Well this past week was the Woodstock Specialty Show which held over 2500 birds. I had 8 Classic Old Frills in my club which held 40 Frills between 5 of us, I manage to get Champion Classic Old Frill with a hen i raised last year. Which the hen manage to get me 2nd up in the jr's (Kid who beat me just bought his bird the day before). I then went up against all the champions which they only place top 10 and there was 22 birds up there. I did not manage to place although i think i should have, but anyways a Modena won Champion of the show.
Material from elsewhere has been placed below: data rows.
lemma edge_transpose_diagonal_edges:
  assumes "s < 9"
  shows "edge_transpose (diagonal_edges ! (2 * s)) = diagonal_edges ! (2 * s + 1)"
    and "edge_transpose (diagonal_edges ! (2 * s + 1)) = diagonal_edges ! (2 * s)"
  using assms
  by (auto simp: less_Suc_eq numeral_eq_Suc diagonal_edges_def edge_transpose_doubleton insert_commute)

lemma sum_lessThan_double: "(\<Sum>k<2 * (n::nat). f k) = (\<Sum>s<n. f (2 * s) + f (2 * s + 1))"
  by (induction n) (simp_all add: sum.lessThan_Suc algebra_simps)

lemma card_filter_diagonal_edges:
  assumes "E \<subseteq> set diagonal_edges"
  shows "int (card {e\<in>E. P e}) =
    (\<Sum>k<18. of_bool (diagonal_edges ! k \<in> E) * of_bool (P (diagonal_edges ! k)))"
proof -
  let ?K = "{k\<in>{..<18}. diagonal_edges ! k \<in> E \<and> P (diagonal_edges ! k)}"
  have "{e\<in>E. P e} = (!) diagonal_edges ` ?K"
  proof (intro set_eqI iffI)
    fix e assume e: "e \<in> {e\<in>E. P e}"
    then have "e \<in> set diagonal_edges" using assms by blast
    then obtain k where "k < 18" "e = diagonal_edges ! k"
      by (metis in_set_conv_nth length_diagonal_edges)
    with e show "e \<in> (!) diagonal_edges ` ?K" by auto
  qed auto
  moreover have "inj_on ((!) diagonal_edges) ?K"
    using distinct_diagonal_edges by (auto simp: inj_on_def nth_eq_iff_index_eq length_diagonal_edges)
  ultimately have "int (card {e\<in>E. P e}) = (\<Sum>k\<in>?K. 1)" by (simp add: card_image)
  also have "\<dots> = (\<Sum>k<18. if diagonal_edges ! k \<in> E \<and> P (diagonal_edges ! k) then 1 else 0)"
    by (rule sum.inter_filter) simp
  also have "\<dots> = (\<Sum>k<18. of_bool (diagonal_edges ! k \<in> E) * of_bool (P (diagonal_edges ! k)))"
    by (intro sum.cong refl) simp
  finally show ?thesis .
qed

definition square_sign :: "vtx set set \<Rightarrow> nat \<Rightarrow> int" where
  "square_sign E s =
    of_bool (diagonal_edges ! (2 * s) \<in> E) - of_bool (diagonal_edges ! (2 * s + 1) \<in> E)"

lemma degree_difference_eq_square_signs:
  assumes "E \<subseteq> set diagonal_edges"
  shows "int (card {e\<in>E. v \<in> e}) - int (card {e\<in>E. v \<in> edge_transpose e}) =
    (\<Sum>s<9. (of_bool (v \<in> diagonal_edges ! (2 * s)) - of_bool (v \<in> diagonal_edges ! (2 * s + 1)))
      * square_sign E s)"
proof -
  have "int (card {e\<in>E. v \<in> e}) - int (card {e\<in>E. v \<in> edge_transpose e}) =
    (\<Sum>k<18. of_bool (diagonal_edges ! k \<in> E) *
      (of_bool (v \<in> diagonal_edges ! k) - of_bool (v \<in> edge_transpose (diagonal_edges ! k))))"
    unfolding card_filter_diagonal_edges[OF assms] sum_subtractf[symmetric] right_diff_distrib ..
  also have "\<dots> = (\<Sum>k<2 * 9. of_bool (diagonal_edges ! k \<in> E) *
      (of_bool (v \<in> diagonal_edges ! k) - of_bool (v \<in> edge_transpose (diagonal_edges ! k))))"
    by simp
  also have "\<dots> = (\<Sum>s<9. (of_bool (v \<in> diagonal_edges ! (2 * s)) -
      of_bool (v \<in> diagonal_edges ! (2 * s + 1))) * square_sign E s)"
    unfolding sum_lessThan_double
  proof (intro sum.cong refl)
    fix s :: nat assume "s \<in> {..<9}"
    then have s: "s < 9" by simp
    show "of_bool (diagonal_edges ! (2 * s) \<in> E) *
        (of_bool (v \<in> diagonal_edges ! (2 * s)) -
          of_bool (v \<in> edge_transpose (diagonal_edges ! (2 * s)))) +
      of_bool (diagonal_edges ! (2 * s + 1) \<in> E) *
        (of_bool (v \<in> diagonal_edges ! (2 * s + 1)) -
          of_bool (v \<in> edge_transpose (diagonal_edges ! (2 * s + 1)))) =
      (of_bool (v \<in> diagonal_edges ! (2 * s)) - of_bool (v \<in> diagonal_edges ! (2 * s + 1))) *
        square_sign E s"
      unfolding edge_transpose_diagonal_edges[OF s] square_sign_def by (simp add: algebra_simps)
  qed
  finally show ?thesis .
qed

definition square_equations :: "(nat \<Rightarrow> int) \<Rightarrow> bool" where
  "square_equations z \<longleftrightarrow> (\<forall>v\<in>grid 3 3.
    (\<Sum>s<9. (of_bool (v \<in> diagonal_edges ! (2 * s)) -
      of_bool (v \<in> diagonal_edges ! (2 * s + 1))) * z s) = 0)"

lemma balanced_iff_square_equations:
  assumes "E \<subseteq> set diagonal_edges"
  shows "balanced (grid 3 3) E \<longleftrightarrow> square_equations (square_sign E)"
  unfolding balanced_def square_equations_def degree_difference_eq_square_signs[OF assms, symmetric]
  by simp

lemma square_equations_iff:
  "square_equations z \<longleftrightarrow>
     z 0 + z 1 + z 3 + z 4 = 0
     \<and> - z 0 + z 2 - z 3 + z 5 = 0
     \<and> - z 1 - z 2 - z 4 - z 5 = 0
     \<and> - z 0 - z 1 + z 6 + z 7 = 0
     \<and> z 0 - z 2 - z 6 + z 8 = 0
     \<and> z 1 + z 2 - z 7 - z 8 = 0
     \<and> - z 3 - z 4 - z 6 - z 7 = 0
     \<and> z 3 - z 5 + z 6 - z 8 = 0
     \<and> z 4 + z 5 + z 7 + z 8 = 0"
proof -
  have "{1..3::nat} = {1, 2, 3}" by auto
  then show ?thesis
    unfolding square_equations_def grid_def
    by (simp add: numeral_eq_Suc diagonal_edges_def)
qed

text \<open>Each entry \<open>(ks, \<pi>, \<sigma>, r, B)\<close> lists the positions \<open>ks\<close> in \<open>diagonal_edges\<close> of the edges of
  a copy of a building block, together with the row and column permutations and the rotation
  exhibiting it as a copy of \<open>B\<close>.\<close>
definition block_table ::
    "(nat list \<times> (nat \<Rightarrow> nat) \<times> (nat \<Rightarrow> nat) \<times> nat \<times> vtx set set) list" where
  "block_table =
    [([0,1], id, id, 0, B2),
     ([2,3], id, (transpose 2 3), 0, B2),
     ([4,5], id, (transpose 1 3), 0, B2),
     ([6,7], (transpose 2 3), id, 0, B2),
     ([8,9], (transpose 2 3), (transpose 2 3), 0, B2),
     ([10,11], (transpose 2 3), (transpose 1 3), 0, B2),
     ([12,13], (transpose 1 3), id, 0, B2),
     ([14,15], (transpose 1 3), (transpose 2 3), 0, B2),
     ([16,17], (transpose 1 3), (transpose 1 3), 0, B2),
     ([0,3,4], id, id, 0, B3),
     ([0,7,12], id, (transpose 1 3), 1, B3),
     ([1,2,5], id, (transpose 1 2), 0, B3),
     ([1,6,13], id, (transpose 2 3 \<circ> transpose 1 2), 1, B3),
     ([2,9,14], id, (transpose 1 2 \<circ> transpose 2 3), 1, B3),
     ([3,8,15], id, (transpose 1 2), 1, B3),
     ([4,11,16], id, (transpose 2 3), 1, B3),
     ([5,10,17], id, id, 1, B3),
     ([6,9,10], (transpose 2 3), id, 0, B3),
     ([7,8,11], (transpose 2 3), (transpose 1 2), 0, B3),
     ([12,15,16], (transpose 1 3), (transpose 1 2), 0, B3),
     ([13,14,17], (transpose 1 3), id, 0, B3),
     ([0,3,10,17], (transpose 2 3), (transpose 1 2), 0, B4),
     ([0,4,9,14], (transpose 2 3), (transpose 1 3), 0, B4),
     ([0,7,14,17], (transpose 1 2), (transpose 1 2 \<circ> transpose 2 3), 0, B4),
     ([0,9,10,12], id, (transpose 2 3), 0, B4),
     ([1,2,11,16], (transpose 2 3), (transpose 2 3 \<circ> transpose 1 2), 0, B4),
     ([1,5,8,15], (transpose 2 3), id, 0, B4),
     ([1,6,15,16], (transpose 1 2), (transpose 2 3), 0, B4),
     ([1,8,11,13], id, (transpose 1 2 \<circ> transpose 2 3), 0, B4),
     ([2,5,7,12], (transpose 2 3), (transpose 1 2 \<circ> transpose 2 3), 0, B4),
     ([2,7,11,14], id, id, 0, B4),
     ([2,9,12,16], (transpose 1 2), (transpose 1 3), 0, B4),
     ([3,4,6,13], (transpose 2 3), (transpose 2 3), 0, B4),
     ([3,6,10,15], id, (transpose 1 3), 0, B4),
     ([3,8,13,17], (transpose 1 2), id, 0, B4),
     ([4,6,9,16], id, (transpose 1 2), 0, B4),
     ([4,11,13,14], (transpose 1 2), (transpose 2 3 \<circ> transpose 1 2), 0, B4),
     ([5,7,8,17], id, (transpose 2 3 \<circ> transpose 1 2), 0, B4),
     ([5,10,12,15], (transpose 1 2), (transpose 1 2), 0, B4),
     ([0,3,7,8,17], (transpose 1 2), (transpose 2 3 \<circ> transpose 1 2), 0, B5),
     ([0,3,10,12,15], id, (transpose 1 2), 0, B5),
     ([0,4,7,11,14], (transpose 1 2), id, 0, B5),
     ([0,4,9,12,16], id, (transpose 1 3), 0, B5),
     ([0,9,10,14,17], (transpose 2 3), (transpose 2 3), 0, B5),
     ([1,2,6,9,16], (transpose 1 2), (transpose 1 2), 0, B5),
     ([1,2,11,13,14], id, (transpose 2 3 \<circ> transpose 1 2), 0, B5),
     ([1,5,6,10,15], (transpose 1 2), (transpose 1 3), 0, B5),
     ([1,5,8,13,17], id, id, 0, B5),
     ([1,8,11,15,16], (transpose 2 3), (transpose 1 2 \<circ> transpose 2 3), 0, B5),
     ([2,5,7,14,17], id, (transpose 1 2 \<circ> transpose 2 3), 0, B5),
     ([2,5,9,10,12], (transpose 1 2), (transpose 2 3), 0, B5),
     ([2,7,11,12,16], (transpose 2 3), id, 0, B5),
     ([3,4,6,15,16], id, (transpose 2 3), 0, B5),
     ([3,4,8,11,13], (transpose 1 2), (transpose 1 2 \<circ> transpose 2 3), 0, B5),
     ([3,6,10,13,17], (transpose 2 3), (transpose 1 3), 0, B5),
     ([4,6,9,13,14], (transpose 2 3), (transpose 1 2), 0, B5),
     ([5,7,8,12,15], (transpose 2 3), (transpose 2 3 \<circ> transpose 1 2), 0, B5)]"
lemma unif_prob_restrict_file_tuples_le:
  assumes T: "T \<subseteq> {1..D}" and w: "w \<in> file_tuples D F"
  shows "unif_prob (file_tuples D F) (\<lambda>x. restrict x T) (restrict w T) \<le> 2 powr (- (card T * F))"
proof -
  define L where "L = {xs :: bool list. length xs = F}"
  define P where "P = PiE {1..D} (\<lambda>j. if j \<in> T then {w j} else L)"
  have finT: "finite T" using T finite_subset by blast
  have tD: "card T \<le> D" using card_mono[OF _ T] by simp
  have sub: "{x \<in> file_tuples D F. restrict x T = restrict w T} \<subseteq> P"
  proof
    fix x assume x: "x \<in> {x \<in> file_tuples D F. restrict x T = restrict w T}"
    then have "x j = w j" if "j \<in> T" for j
      using that by (metis (mono_tags, lifting) mem_Collect_eq restrict_apply')
    then show "x \<in> P" using x unfolding P_def file_tuples_def L_def by (auto simp: PiE_iff)
  qed
  have cP: "card P = (2 ^ F) ^ (D - card T)"
  proof -
    have "card P = (\<Prod>j\<in>{1..D}. if j \<in> T then 1 else 2 ^ F)"
      by (simp add: P_def card_PiE L_def card_bit_lists if_distrib cong: if_cong)
    also have "\<dots> = (2 ^ F) ^ card ({1..D} - T)" by (simp add: prod.If_cases Diff_eq)
    also have "card ({1..D} - T) = D - card T" using T by (simp add: card_Diff_subset finT)
    finally show ?thesis .
  qed
  have "finite P" unfolding P_def by (intro finite_PiE) (auto simp: L_def finite_bit_lists)
  then have "card {x \<in> file_tuples D F. restrict x T = restrict w T} \<le> (2 ^ F) ^ (D - card T)"
    using card_mono[OF _ sub] cP by simp
  then have "unif_prob (file_tuples D F) (\<lambda>x. restrict x T) (restrict w T)
      \<le> real ((2 ^ F) ^ (D - card T)) / real (card (file_tuples D F))"
    unfolding unif_prob_def by (intro divide_right_mono) (simp only: of_nat_le_iff, simp)
  also have "\<dots> = 1 / (2::real) ^ (F * card T)"
  proof -
    have "(2::real) ^ (F * D) = 2 ^ (F * (D - card T)) * 2 ^ (F * card T)"
      using tD by (simp add: power_add[symmetric] add_mult_distrib2[symmetric])
    then show ?thesis unfolding card_file_tuples by (simp add: power_mult)
  qed
  also have "\<dots> = 2 powr (- (card T * F))"
    by (simp add: powr_minus powr_realpow[symmetric] mult.commute divide_inverse)
  finally show ?thesis .
qed

lemma unif_entropy_restrict_file_tuples_ge:
  assumes "T \<subseteq> {1..D}"
  shows "card T * F \<le> unif_entropy (file_tuples D F) (\<lambda>w. restrict w T)"
  by (rule unif_entropy_ge_of_unif_prob_le[OF finite_file_tuples file_tuples_nonempty])
    (use unif_prob_restrict_file_tuples_le[OF assms] in simp)

lemma log_card_restrict_file_tuples_le:
  assumes T: "T \<subseteq> {1..D}" and B: "B \<subseteq> file_tuples D F" "B \<noteq> {}"
  shows "log 2 (card ((\<lambda>w. restrict w T) ` B)) \<le> card T * F"
proof -
  define P where "P = PiE T (\<lambda>_. {xs :: bool list. length xs = F})"
  have finT: "finite T" using T finite_subset by blast
  have "(\<lambda>w. restrict w T) ` B \<subseteq> P"
  proof
    fix u assume "u \<in> (\<lambda>w. restrict w T) ` B"
    then obtain w where "w \<in> file_tuples D F" "u = restrict w T" using B by auto
    then show "u \<in> P" using T unfolding P_def file_tuples_def by (auto simp: PiE_iff)
  qed
  moreover have "finite P" unfolding P_def by (intro finite_PiE finT finite_bit_lists)
  ultimately have "card ((\<lambda>w. restrict w T) ` B) \<le> card P" by (rule card_mono[rotated])
  also have "card P = 2 ^ (F * card T)"
    by (simp add: P_def card_PiE finT card_bit_lists power_mult)
  finally have "real (card ((\<lambda>w. restrict w T) ` B)) \<le> 2 ^ (F * card T)"
    by (metis of_nat_le_iff of_nat_numeral of_nat_power)
  moreover have "card ((\<lambda>w. restrict w T) ` B) > 0"
    using B(2) \<open>finite P\<close> \<open>_ ` B \<subseteq> P\<close> finite_subset card_gt_0_iff by blast
  ultimately have "log 2 (card ((\<lambda>w. restrict w T) ` B)) \<le> log 2 (2 ^ (F * card T))"
    by (subst log_le_cancel_iff) auto
  then show ?thesis by (simp add: log_pow_cancel mult.commute)
qed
Thought id post some pictures of my frills and competition.

Champion Frill
Owned by Tyler Weening


1st Reserve
Owned by Jerry Gregorinski


2nd Reserve 
Owned by Don Cassidy


3rd Reserve
Owned by Jerry Gregorinski


----------



## Pigeon lower (Oct 23, 2007)

Now some others i have/raised that are in the show.

Young Cock


Old Hen


Young Hen


Young Cock


You Can look in my webshots file to see all the photo's if you want.


----------



## Ross Howard (Nov 26, 2009)

Good job Ty pigeons looked good at show.


----------



## Pigeon lower (Oct 23, 2007)

Thanks Ross, It was nice to see you there saturday


----------



## wcooper (Aug 4, 2009)

Congradulations on the champion. Beautiful Frill.


----------